:: Entries supplied
(* Let $Y=[y_{ij}]$ be an $N\times k$ array with entries in $\{-1,1\}$, let $\ell\subseteq\{1,\dots,k\}$ with $|\ell|=r>0$, and let $g\in G(k)^{\rm OD}$. Then $J_r(\ell)(g(Y))=\pm J_{r'}(\ell')(Y)$ for some $\ell'\subseteq\{1,\dots,k\}$, where $r'=|\ell'|\in\{r,r+1\}$ if $r$ is odd and $r'\in\{r,r-1\}$ if $r$ is even.
   Context: For $\ell\subseteq\{1,\dots,k\}$ with $|\ell|=r\ge1$, the $J$-characteristic is $J_r(\ell)(Y)=\sum_{i=1}^N\prod_{j\in\ell}y_{ij}$, and $J_0(\emptyset)(Y)=N$. $G(k)^{\rm OD}$ is the group of permutations of $\{-1,1\}^k$ generated by coordinate permutations, sign changes of single coordinates, and $R_i(z_1,\dots,z_k)=(z_1z_i,\dots,z_{i-1}z_i,z_i,z_{i+1}z_i,\dots,z_kz_i)$ for $i=1,\dots,k$; $g(Y)$ is obtained by applying $g$ to each row of $Y$. *)

theory Defs
  imports "HOL-Combinatorics.Permutations"
begin

text \<open>A row z of the array is a function nat => int; only the coordinates 1..k matter.
  The generators of G(k)^OD act on coordinates 1..k and leave other coordinates unchanged.\<close>

definition coord_perm :: "(nat \<Rightarrow> nat) \<Rightarrow> (nat \<Rightarrow> int) \<Rightarrow> (nat \<Rightarrow> int)" where
  "coord_perm \<sigma> z = (\<lambda>j. z (\<sigma> j))"

definition sign_change :: "nat \<Rightarrow> (nat \<Rightarrow> int) \<Rightarrow> (nat \<Rightarrow> int)" where
  "sign_change i z = z(i := - z i)"

definition R_map :: "nat \<Rightarrow> nat \<Rightarrow> (nat \<Rightarrow> int) \<Rightarrow> (nat \<Rightarrow> int)" where
  "R_map k i z = (\<lambda>j. if j \<in> {1..k} \<and> j \<noteq> i then z j * z i else z j)"

text \<open>Since each generator acts as a
  permutation of the finite set {-1,1}^k, the generated group equals the generated monoid,
  i.e. the closure of the identity under composition with generators.\<close>

inductive_set G_OD :: "nat \<Rightarrow> ((nat \<Rightarrow> int) \<Rightarrow> (nat \<Rightarrow> int)) set" for k :: nat where
  G_id: "id \<in> G_OD k"
| G_perm: "g \<in> G_OD k \<Longrightarrow> \<sigma> permutes {1..k} \<Longrightarrow> coord_perm \<sigma> \<circ> g \<in> G_OD k"
| G_sign: "g \<in> G_OD k \<Longrightarrow> i \<in> {1..k} \<Longrightarrow> sign_change i \<circ> g \<in> G_OD k"
| G_R: "g \<in> G_OD k \<Longrightarrow> i \<in> {1..k} \<Longrightarrow> R_map k i \<circ> g \<in> G_OD k"

definition pm_array :: "nat \<Rightarrow> nat \<Rightarrow> (nat \<Rightarrow> nat \<Rightarrow> int) \<Rightarrow> bool" where
  "pm_array N k Y \<longleftrightarrow> (\<forall>i\<in>{1..N}. \<forall>j\<in>{1..k}. Y i j \<in> {-1, 1})"

definition apply_rows :: "((nat \<Rightarrow> int) \<Rightarrow> (nat \<Rightarrow> int)) \<Rightarrow> (nat \<Rightarrow> nat \<Rightarrow> int) \<Rightarrow> (nat \<Rightarrow> nat \<Rightarrow> int)" where
  "apply_rows g Y = (\<lambda>i. g (Y i))"

text \<open>J-characteristic J_r(l)(Y), with r = card l (for l = {} this is N).\<close>
definition J_char :: "nat \<Rightarrow> nat set \<Rightarrow> (nat \<Rightarrow> nat \<Rightarrow> int) \<Rightarrow> int" where
  "J_char N l Y = (\<Sum>i\<in>{1..N}. \<Prod>j\<in>l. Y i j)"

end

theory Submission
  imports Defs
begin

text \<open>On \<open>{-1,1}\<^sup>k\<close> every generator turns the monomial \<open>\<Prod>j\<in>\<ell>. z j\<close> into
  \<open>\<plusminus>\<Prod>j\<in>\<ell>'. z j\<close>: a coordinate permutation relabels \<open>\<ell>\<close>, a sign change only
  flips the sign, and \<open>R\<^sub>i\<close> multiplies the monomial by \<open>z i ^ |\<ell> - {i}|\<close>, which
  (as \<open>z i * z i = 1\<close>) toggles \<open>i\<close> in \<open>\<ell>\<close> exactly when \<open>|\<ell> - {i}|\<close> is odd.
  In every case \<open>\<lceil>|\<ell>|/2\<rceil>\<close> is unchanged, so by induction on the word in the
  generators \<open>J\<^sub>r(\<ell>)(g(Y)) = \<plusminus>J\<^sub>r\<^sub>'(\<ell>')(Y)\<close> with \<open>\<lceil>r'/2\<rceil> = \<lceil>r/2\<rceil>\<close>,
  which is exactly the asserted constraint on \<open>r'\<close>.\<close>

definition pm_vec :: "nat \<Rightarrow> (nat \<Rightarrow> int) \<Rightarrow> bool" where
  "pm_vec k z \<longleftrightarrow> (\<forall>j\<in>{1..k}. z j \<in> {-1, 1})"

lemma pm_vec_power:
  assumes "pm_vec k z" "i \<in> {1..k}"
  shows "z i ^ n = (if even n then 1 else z i)"
proof -
  have "z i = -1 \<or> z i = 1"
    using assms by (auto simp: pm_vec_def)
  then show ?thesis
    by auto
qed

lemma pm_vec_coord_perm:
  "\<sigma> permutes {1..k} \<Longrightarrow> pm_vec k z \<Longrightarrow> pm_vec k (coord_perm \<sigma> z)"
  unfolding pm_vec_def coord_perm_def by (metis permutes_in_image)

lemma pm_vec_sign_change: "pm_vec k z \<Longrightarrow> pm_vec k (sign_change i z)"
  by (auto simp: pm_vec_def sign_change_def)

lemma pm_vec_R_map:
  assumes "i \<in> {1..k}" "pm_vec k z"
  shows "pm_vec k (R_map k i z)"
  unfolding pm_vec_def
proof
  fix j assume "j \<in> {1..k}"
  then have "z i \<in> {-1, 1}" "z j \<in> {-1, 1}"
    using assms by (auto simp: pm_vec_def)
  then show "R_map k i z j \<in> {-1, 1}"
    by (auto simp: R_map_def)
qed

lemma G_OD_pm_vec: "g \<in> G_OD k \<Longrightarrow> pm_vec k z \<Longrightarrow> pm_vec k (g z)"
  by (induction g rule: G_OD.induct)
    (simp_all add: pm_vec_coord_perm pm_vec_sign_change pm_vec_R_map)

lemma prod_coord_perm:
  assumes "\<sigma> permutes A"
  shows "(\<Prod>j\<in>l. coord_perm \<sigma> z j) = (\<Prod>j\<in>\<sigma> ` l. z j)"
  by (simp add: coord_perm_def prod.reindex[OF permutes_inj_on[OF assms]])

lemma prod_sign_change:
  assumes "finite l"
  shows "(\<Prod>j\<in>l. sign_change i z j) = (if i \<in> l then -1 else 1) * (\<Prod>j\<in>l. z j)"
proof -
  have "(\<Prod>j\<in>l. sign_change i z j) = (\<Prod>j\<in>l. (if j = i then -1 else 1) * z j)"
    by (rule prod.cong) (auto simp: sign_change_def)
  then show ?thesis
    using assms by (simp add: prod.distrib)
qed

lemma prod_R_map:
  assumes "l \<subseteq> {1..k}"
  shows "(\<Prod>j\<in>l. R_map k i z j) = (\<Prod>j\<in>l. z j) * z i ^ card (l - {i})"
proof -
  have "(\<Prod>j\<in>l. R_map k i z j) = (\<Prod>j\<in>l. z j * (if j \<in> l - {i} then z i else 1))"
    using assms by (intro prod.cong) (auto simp: R_map_def)
  also have "\<dots> = (\<Prod>j\<in>l. z j) * z i ^ card (l - {i})"
    using finite_subset[OF assms]
    by (simp add: prod.distrib prod.If_cases Int_absorb1 Diff_eq Compl_eq)
  finally show ?thesis .
qed

definition R_support :: "nat \<Rightarrow> nat set \<Rightarrow> nat set" where
  "R_support i l =
     (if even (card (l - {i})) then l else if i \<in> l then l - {i} else insert i l)"

lemma R_support_subset: "l \<subseteq> {1..k} \<Longrightarrow> i \<in> {1..k} \<Longrightarrow> R_support i l \<subseteq> {1..k}"
  by (auto simp: R_support_def)

lemma card_R_support_half:
  assumes "finite l"
  shows "(card (R_support i l) + 1) div 2 = (card l + 1) div 2"
proof (cases "i \<in> l")
  case True
  have "card l = Suc (card (l - {i}))"
    by (rule card_Suc_Diff1[OF assms True, symmetric])
  then show ?thesis
    using assms True by (simp add: R_support_def)
next
  case False
  then show ?thesis
    using assms by (simp add: R_support_def)
qed

lemma prod_R_map_pm_vec:
  assumes "pm_vec k z" "l \<subseteq> {1..k}" "i \<in> {1..k}"
  shows "(\<Prod>j\<in>l. R_map k i z j) = (\<Prod>j\<in>R_support i l. z j)"
proof -
  have fin: "finite l"
    using assms(2) finite_subset by blast
  have sq: "z i * z i = 1"
    using pm_vec_power[OF assms(1,3), of 2] by (simp add: power2_eq_square)
  have "(\<Prod>j\<in>l. z j) * z i = (\<Prod>j\<in>(if i \<in> l then l - {i} else insert i l). z j)"
  proof (cases "i \<in> l")
    case True
    then show ?thesis
      using fin sq by (simp add: prod.remove mult.commute mult.left_commute)
  next
    case False
    then show ?thesis
      using fin by (simp add: mult.commute)
  qed
  then show ?thesis
    by (simp add: prod_R_map[OF assms(2)] pm_vec_power[OF assms(1,3)] R_support_def)
qed

lemma G_OD_prod_signed_monomial:
  assumes "g \<in> G_OD k" "l \<subseteq> {1..k}"
  shows "\<exists>l' \<subseteq> {1..k}. \<exists>s \<in> {1, -1::int}.
           (\<forall>z. pm_vec k z \<longrightarrow> (\<Prod>j\<in>l. g z j) = s * (\<Prod>j\<in>l'. z j)) \<and>
           (card l' + 1) div 2 = (card l + 1) div 2"
  using assms
proof (induction g arbitrary: l rule: G_OD.induct)
  case G_id
  then show ?case
    by (intro exI[of _ l] bexI[of _ 1]) auto
next
  case (G_perm g \<sigma>)
  have image: "\<sigma> ` l \<subseteq> {1..k}"
    using G_perm.prems G_perm.hyps(2) permutes_in_image by fastforce
  obtain l' s where "l' \<subseteq> {1..k}" "s \<in> {1, -1}"
    and "\<forall>z. pm_vec k z \<longrightarrow> (\<Prod>j\<in>\<sigma> ` l. g z j) = s * (\<Prod>j\<in>l'. z j)"
    and "(card l' + 1) div 2 = (card (\<sigma> ` l) + 1) div 2"
    using G_perm.IH[OF image] by blast
  moreover have "card (\<sigma> ` l) = card l"
    using card_image[OF permutes_inj_on[OF G_perm.hyps(2)]] .
  ultimately show ?case
    by (intro exI[of _ l'] bexI[of _ s]) (auto simp: prod_coord_perm[OF G_perm.hyps(2)])
next
  case (G_sign g i)
  obtain l' s where "l' \<subseteq> {1..k}" "s \<in> {1, -1}"
    and "\<forall>z. pm_vec k z \<longrightarrow> (\<Prod>j\<in>l. g z j) = s * (\<Prod>j\<in>l'. z j)"
    and "(card l' + 1) div 2 = (card l + 1) div 2"
    using G_sign.IH[OF G_sign.prems] by blast
  moreover have "finite l"
    using G_sign.prems finite_subset by blast
  ultimately show ?case
    by (intro exI[of _ l'] bexI[of _ "(if i \<in> l then -1 else 1) * s"])
      (auto simp: prod_sign_change)
next
  case (G_R g i)
  obtain l' s where "l' \<subseteq> {1..k}" "s \<in> {1, -1}"
    and "\<forall>z. pm_vec k z \<longrightarrow> (\<Prod>j\<in>R_support i l. g z j) = s * (\<Prod>j\<in>l'. z j)"
    and "(card l' + 1) div 2 = (card (R_support i l) + 1) div 2"
    using G_R.IH[OF R_support_subset[OF G_R.prems G_R.hyps(2)]] by blast
  moreover have "(card (R_support i l) + 1) div 2 = (card l + 1) div 2"
    using card_R_support_half finite_subset[OF G_R.prems] by blast
  moreover have "(\<Prod>j\<in>l. R_map k i (g z) j) = (\<Prod>j\<in>R_support i l. g z j)"
    if "pm_vec k z" for z
    using prod_R_map_pm_vec[OF G_OD_pm_vec[OF G_R.hyps(1) that] G_R.prems G_R.hyps(2)] .
  ultimately show ?case
    by (intro exI[of _ l'] bexI[of _ s]) auto
qed

lemma card_from_half:
  fixes c r :: nat
  assumes "(c + 1) div 2 = (r + 1) div 2" "r > 0"
  shows "if odd r then c \<in> {r, r + 1} else c \<in> {r, r - 1}"
proof -
  have "(odd r \<longrightarrow> c = r \<or> c = r + 1) \<and> (even r \<longrightarrow> c = r \<or> c = r - 1)"
    using assms by presburger
  then show ?thesis
    by simp
qed

theorem lemma7:
  fixes N k r :: nat and Y :: "nat \<Rightarrow> nat \<Rightarrow> int" and l :: "nat set"
    and g :: "(nat \<Rightarrow> int) \<Rightarrow> (nat \<Rightarrow> int)"
  assumes "pm_array N k Y"
    and "l \<subseteq> {1..k}" and "card l = r" and "r > 0"
    and "g \<in> G_OD k"
  shows "\<exists>l' \<subseteq> {1..k}. \<exists>s \<in> {1, -1::int}.
           J_char N l (apply_rows g Y) = s * J_char N l' Y \<and>
           (if odd r then card l' \<in> {r, r + 1} else card l' \<in> {r, r - 1})"
proof -
  obtain l' s where l': "l' \<subseteq> {1..k}" "s \<in> {1, -1::int}"
    and monomial: "\<forall>z. pm_vec k z \<longrightarrow> (\<Prod>j\<in>l. g z j) = s * (\<Prod>j\<in>l'. z j)"
    and half: "(card l' + 1) div 2 = (card l + 1) div 2"
    using G_OD_prod_signed_monomial[OF assms(5,2)] by blast
  have "\<forall>i\<in>{1..N}. pm_vec k (Y i)"
    using assms(1) by (simp add: pm_array_def pm_vec_def)
  then have "J_char N l (apply_rows g Y) = (\<Sum>i\<in>{1..N}. s * (\<Prod>j\<in>l'. Y i j))"
    unfolding J_char_def apply_rows_def using monomial by simp
  also have "\<dots> = s * J_char N l' Y"
    by (simp add: J_char_def sum_distrib_left)
  finally show ?thesis
    using l' card_from_half[OF half[unfolded assms(3)] assms(4)] by blast
qed

end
::::
From the line holding "using l' card_from_half[OF" through the final line of the data above, copy every line exactly as written. Include nothing else.

    using l' card_from_half[OF half[unfolded assms(3)] assms(4)] by blast
qed

end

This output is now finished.